Result and discussion: The results demonstrate that according to the magnitude of the extent that influences CO2 injectivity, the rank for the above factors is CO2 injection rate, reservoir pressure, formation water saturation and permeability. The oil recovery is mainly influenced by CO2 injection rate and formation permeability, and the influences of reservoir pressure and water saturation on oil recovery are smaller. The threshold values for radial perforation and fracture half-length are 25 m and 50m, respectively, which can provide some guidance for the strategies that should be taken to improve the CO2 injectivity and recover more oil from low permeability oil reservoirs.
1 Introduction
Plenty of laboratory experiments and field pilot tests show that CO2 flooding can enhance oil recovery significantly. According to the magnitude of formation pressure and minimum miscible pressure (MMP), there are two typical flooding types, miscible flooding and immiscible flooding (Dong et al., 2019). In the condition of miscible flooding, CO2 can mix with the oil phase easily, which reduces the oil viscosity and density greatly, and the displacement efficiency is much higher than the immiscible flooding (Liu et al., 2020; Wang et al., 2020). In addition, the effects of CO2 viscous fingering and gas override are weakened largely (Singh, 2018). Therefore, to improve CO2 sweep efficiency and oil recovery, CO2 miscible flooding should be utilized preferentially. To keep the condition of miscible flooding, the formation pressure should be larger than the MMP, and the amount of injected CO2 should be increased as large as possible. However, in some low permeability oil reservoirs, the CO2 injection rate cannot attain the set value, which causes the rapid decline of formation pressure, and the status gradually changes from miscible to immiscible flooding.

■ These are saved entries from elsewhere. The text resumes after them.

(* Fix a parameter space with metric $d$, a data space $X$, an update rule $g$, initial parameters $\mathbf{w}_0$, $\epsilon>0$, a set of parameters $W$ and a dataset $D'$. Suppose that for all $\mathbf{w}\in W$ and $\mathbf{x}\in X$ there exists $\mathbf{x}_i\in D'$ with $d(g(\mathbf{w},\mathbf{x}),g(\mathbf{w},\mathbf{x}_i))\le\epsilon$. Then for every dataset $D\subseteq X$ with $H_{D,g,d,0}(\mathbf{w})\subseteq W$, $D'$ forges $D$ with $\epsilon$.
   Context: A valid $(g,d,\epsilon)$ log is a sequence $\{(\mathbf{w}_i,\mathbf{x}_i)\}_{i\in J}$ ($J$ a countable index set, consecutive indices) such that $d(\mathbf{w}_{i+1}, g(\mathbf{w}_i,\mathbf{x}_i))\le \epsilon$ for all $i\in J$. For a dataset $D$, $H_{D,g,d,\epsilon}$ is the set of all valid $(g,d,\epsilon)$ logs starting from $\mathbf{w}_0$ whose data points lie in $D$, and $H_{D,g,d,0}(\mathbf{w})$ is the set of all parameters appearing in logs of $H_{D,g,d,0}$. $D'$ forges $D$ with $\epsilon$ if there is a map $B: H_{D,g,d,0}\to H_{D',g,d,\epsilon}$ with $B(\{(\mathbf{w}_i,\mathbf{x}_i)\}_{i\in J})=\{(\mathbf{w}_i,\tilde{\mathbf{x}}_i)\}_{i\in J}$, $\tilde{\mathbf{x}}_i\in D'$, whose output is a valid $(g,d,\epsilon)$ log. *)

theory Defs
  imports Main "HOL-Library.Extended_Nat"
begin

text \<open>A log is a pair (N, L): the index set is J = {i. i < N} (N :: enat, so J is
  any countable set of consecutive indices starting at 0, finite or infinite), and
  L i = (w_i, x_i) for i in J.\<close>

type_synonym ('w,'x) log = "enat \<times> (nat \<Rightarrow> 'w \<times> 'x)"

definition log_idx :: "('w,'x) log \<Rightarrow> nat set" where
  "log_idx l = {i. enat i < fst l}"

definition is_metric :: "('w \<Rightarrow> 'w \<Rightarrow> real) \<Rightarrow> bool" where
  "is_metric d \<longleftrightarrow> (\<forall>x y. d x y \<ge> 0) \<and> (\<forall>x y. d x y = 0 \<longleftrightarrow> x = y)
     \<and> (\<forall>x y. d x y = d y x) \<and> (\<forall>x y z. d x z \<le> d x y + d y z)"

definition valid_log ::
  "('w \<Rightarrow> 'x \<Rightarrow> 'w) \<Rightarrow> ('w \<Rightarrow> 'w \<Rightarrow> real) \<Rightarrow> real \<Rightarrow> ('w,'x) log \<Rightarrow> bool" where
  "valid_log g d eps l \<longleftrightarrow>
     (\<forall>i. Suc i \<in> log_idx l \<longrightarrow>
        d (fst (snd l (Suc i))) (g (fst (snd l i)) (snd (snd l i))) \<le> eps)"

definition H ::
  "'w \<Rightarrow> 'x set \<Rightarrow> ('w \<Rightarrow> 'x \<Rightarrow> 'w) \<Rightarrow> ('w \<Rightarrow> 'w \<Rightarrow> real) \<Rightarrow> real \<Rightarrow> ('w,'x) log set" where
  "H w0 D g d eps = {l. valid_log g d eps l
      \<and> (0 \<in> log_idx l \<longrightarrow> fst (snd l 0) = w0)
      \<and> (\<forall>i\<in>log_idx l. snd (snd l i) \<in> D)}"

definition H_params ::
  "'w \<Rightarrow> 'x set \<Rightarrow> ('w \<Rightarrow> 'x \<Rightarrow> 'w) \<Rightarrow> ('w \<Rightarrow> 'w \<Rightarrow> real) \<Rightarrow> real \<Rightarrow> 'w set" where
  "H_params w0 D g d eps = {fst (snd l i) | l i. l \<in> H w0 D g d eps \<and> i \<in> log_idx l}"

definition forges ::
  "'w \<Rightarrow> ('w \<Rightarrow> 'x \<Rightarrow> 'w) \<Rightarrow> ('w \<Rightarrow> 'w \<Rightarrow> real) \<Rightarrow> 'x set \<Rightarrow> 'x set \<Rightarrow> real \<Rightarrow> bool" where
  "forges w0 g d D' D eps \<longleftrightarrow>
     (\<exists>B :: ('w,'x) log \<Rightarrow> ('w,'x) log.
        \<forall>l \<in> H w0 D g d 0.
          B l \<in> H w0 D' g d eps
          \<and> fst (B l) = fst l
          \<and> (\<forall>i \<in> log_idx l. fst (snd (B l) i) = fst (snd l i) \<and> snd (snd (B l) i) \<in> D'))"

end

theory Submission
  imports Defs
begin

text \<open>Keep every parameter of an exact log and replace each data point x_i by a point of D'
  whose update from w_i lands within eps of the true update. By the triangle inequality the
  relabelled log is still valid, with tolerance eps instead of 0.\<close>

definition relabel_log :: "('w \<Rightarrow> 'x \<Rightarrow> 'x) \<Rightarrow> ('w,'x) log \<Rightarrow> ('w,'x) log" where
  "relabel_log c l = (fst l, \<lambda>i. (fst (snd l i), c (fst (snd l i)) (snd (snd l i))))"

lemma relabel_log_simps [simp]:
  "fst (relabel_log c l) = fst l"
  "snd (relabel_log c l) i = (fst (snd l i), c (fst (snd l i)) (snd (snd l i)))"
  "log_idx (relabel_log c l) = log_idx l"
  by (simp_all add: log_idx_def relabel_log_def)

lemma Suc_log_idxD: "Suc i \<in> log_idx l \<Longrightarrow> i \<in> log_idx l"
  unfolding log_idx_def by (auto intro: order.strict_trans1[rotated])

lemma valid_log_relabel_log:
  assumes "is_metric d"
    and "valid_log g d delta l"
    and "\<And>i. i \<in> log_idx l \<Longrightarrow>
           d (g (fst (snd l i)) (snd (snd l i))) (g (fst (snd l i)) (c (fst (snd l i)) (snd (snd l i)))) \<le> eps"
  shows "valid_log g d (delta + eps) (relabel_log c l)"
  unfolding valid_log_def relabel_log_simps(3)
proof (intro allI impI)
  fix i assume "Suc i \<in> log_idx l"
  let ?w = "fst (snd l i)" and ?x = "snd (snd l i)" and ?w' = "fst (snd l (Suc i))"
  have "d ?w' (g ?w (c ?w ?x)) \<le> d ?w' (g ?w ?x) + d (g ?w ?x) (g ?w (c ?w ?x))"
    using assms(1) unfolding is_metric_def by blast
  also have "\<dots> \<le> delta + eps"
    using assms(2,3) \<open>Suc i \<in> log_idx l\<close> Suc_log_idxD unfolding valid_log_def
    by (meson add_mono)
  finally show "d (fst (snd (relabel_log c l) (Suc i)))
      (g (fst (snd (relabel_log c l) i)) (snd (snd (relabel_log c l) i))) \<le> delta + eps"
    by simp
qed

lemma relabel_log_in_H:
  assumes "is_metric d"
    and "l \<in> H w0 D g d delta"
    and "\<And>i. i \<in> log_idx l \<Longrightarrow> c (fst (snd l i)) (snd (snd l i)) \<in> D' \<and>
           d (g (fst (snd l i)) (snd (snd l i))) (g (fst (snd l i)) (c (fst (snd l i)) (snd (snd l i)))) \<le> eps"
  shows "relabel_log c l \<in> H w0 D' g d (delta + eps)"
proof -
  have "valid_log g d (delta + eps) (relabel_log c l)"
    using valid_log_relabel_log[OF assms(1)] assms(2,3) unfolding H_def by blast
  then show ?thesis
    using assms(2,3) unfolding H_def by simp
qed

lemma param_in_H_params:
  "l \<in> H w0 D g d eps \<Longrightarrow> i \<in> log_idx l \<Longrightarrow> fst (snd l i) \<in> H_params w0 D g d eps"
  unfolding H_params_def by blast

lemma data_in_H: "l \<in> H w0 D g d eps \<Longrightarrow> i \<in> log_idx l \<Longrightarrow> snd (snd l i) \<in> D"
  unfolding H_def by blast

lemma forgesI_approx_updates:
  assumes "is_metric d"
    and approx: "\<forall>w\<in>H_params w0 D g d 0. \<forall>x\<in>D. \<exists>xi\<in>D'. d (g w x) (g w xi) \<le> eps"
  shows "forges w0 g d D' D eps"
proof -
  define c where "c w x = (SOME xi. xi \<in> D' \<and> d (g w x) (g w xi) \<le> eps)" for w x
  have c: "c w x \<in> D' \<and> d (g w x) (g w (c w x)) \<le> eps"
    if "w \<in> H_params w0 D g d 0" "x \<in> D" for w x
    unfolding c_def by (rule someI_ex) (use approx that in blast)
  have "relabel_log c l \<in> H w0 D' g d eps \<and> fst (relabel_log c l) = fst l \<and>
      (\<forall>i \<in> log_idx l. fst (snd (relabel_log c l) i) = fst (snd l i)
                       \<and> snd (snd (relabel_log c l) i) \<in> D')"
    if l: "l \<in> H w0 D g d 0" for l
  proof -
    have "\<And>i. i \<in> log_idx l \<Longrightarrow> c (fst (snd l i)) (snd (snd l i)) \<in> D' \<and>
           d (g (fst (snd l i)) (snd (snd l i))) (g (fst (snd l i)) (c (fst (snd l i)) (snd (snd l i)))) \<le> eps"
      using c param_in_H_params[OF l] data_in_H[OF l] by blast
    with relabel_log_in_H[OF assms(1) l] show ?thesis
      by simp
  qed
  then show ?thesis
    unfolding forges_def by blast
qed

theorem lemma4:
  fixes d :: "'w \<Rightarrow> 'w \<Rightarrow> real" and X :: "'x set" and g :: "'w \<Rightarrow> 'x \<Rightarrow> 'w"
    and w0 :: 'w and eps :: real and W :: "'w set" and D' :: "'x set"
  assumes "is_metric d"
    and "eps > 0"
    and "\<forall>w\<in>W. \<forall>x\<in>X. \<exists>xi\<in>D'. d (g w x) (g w xi) \<le> eps"
  shows "\<forall>D. D \<subseteq> X \<and> H_params w0 D g d 0 \<subseteq> W \<longrightarrow> forges w0 g d D' D eps"
proof (intro allI impI)
  fix D assume "D \<subseteq> X \<and> H_params w0 D g d 0 \<subseteq> W"
  with assms(3) have "\<forall>w\<in>H_params w0 D g d 0. \<forall>x\<in>D. \<exists>xi\<in>D'. d (g w x) (g w xi) \<le> eps"
    by blast
  then show "forges w0 g d D' D eps"
    using forgesI_approx_updates[OF assms(1)] by blast
qed

end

Hence, it is significant to study the primary factors that influence the CO2 injectivity, and to present the optimal strategies that improve the CO2 injectivity.
As there are complex fluid distribution patterns, more researches focused on the abnormality of CO2 injectivity during the water-alternating-gas/CO2 (WAG) process. Experimentally, the effect of some primary features, such as relative permeability, water saturation, WAG ratio and CO2 slug size, on CO2 and bring injectivity during WAG flooding were studied and analyzed (Prieditis et al., 1991; Kamath et al., 1998; Shen et al., 2010; Yang et al., 2015). As the laboratory experiments are complicated and time-consuming, analytical or numerical methods are always used to evaluate the WAG injectivity. Some simple analytical models were developed to analyze the reasons that result in the differences of laboratory- and filed-observed CO2 tertiary injectivity (Christman and Gorell, 1990; Meng et al., 2018; Meng et al., 2020). Nevertheless, for analytical models, it is difficult to consider some complex effects, such as phase behavior, dispersive mixing, gravity, viscous instability and crossflow. Therefore, numerical simulators are widely utilized to study the impact of these factors on WAG injectivity (Jr et al., 1992; Jr et al., 1992; Faisal et al., 2009; Qiao et al., 2016). For the factors that affect WAG injectivity (John and Rogers, 2001), summarized that wettability, chemical effects, entrapment, relative permeability, saturation effects, interfacial tension (IFT), formation heterogeneity, anisotropy, and stratification have significant impacts on the injectivity.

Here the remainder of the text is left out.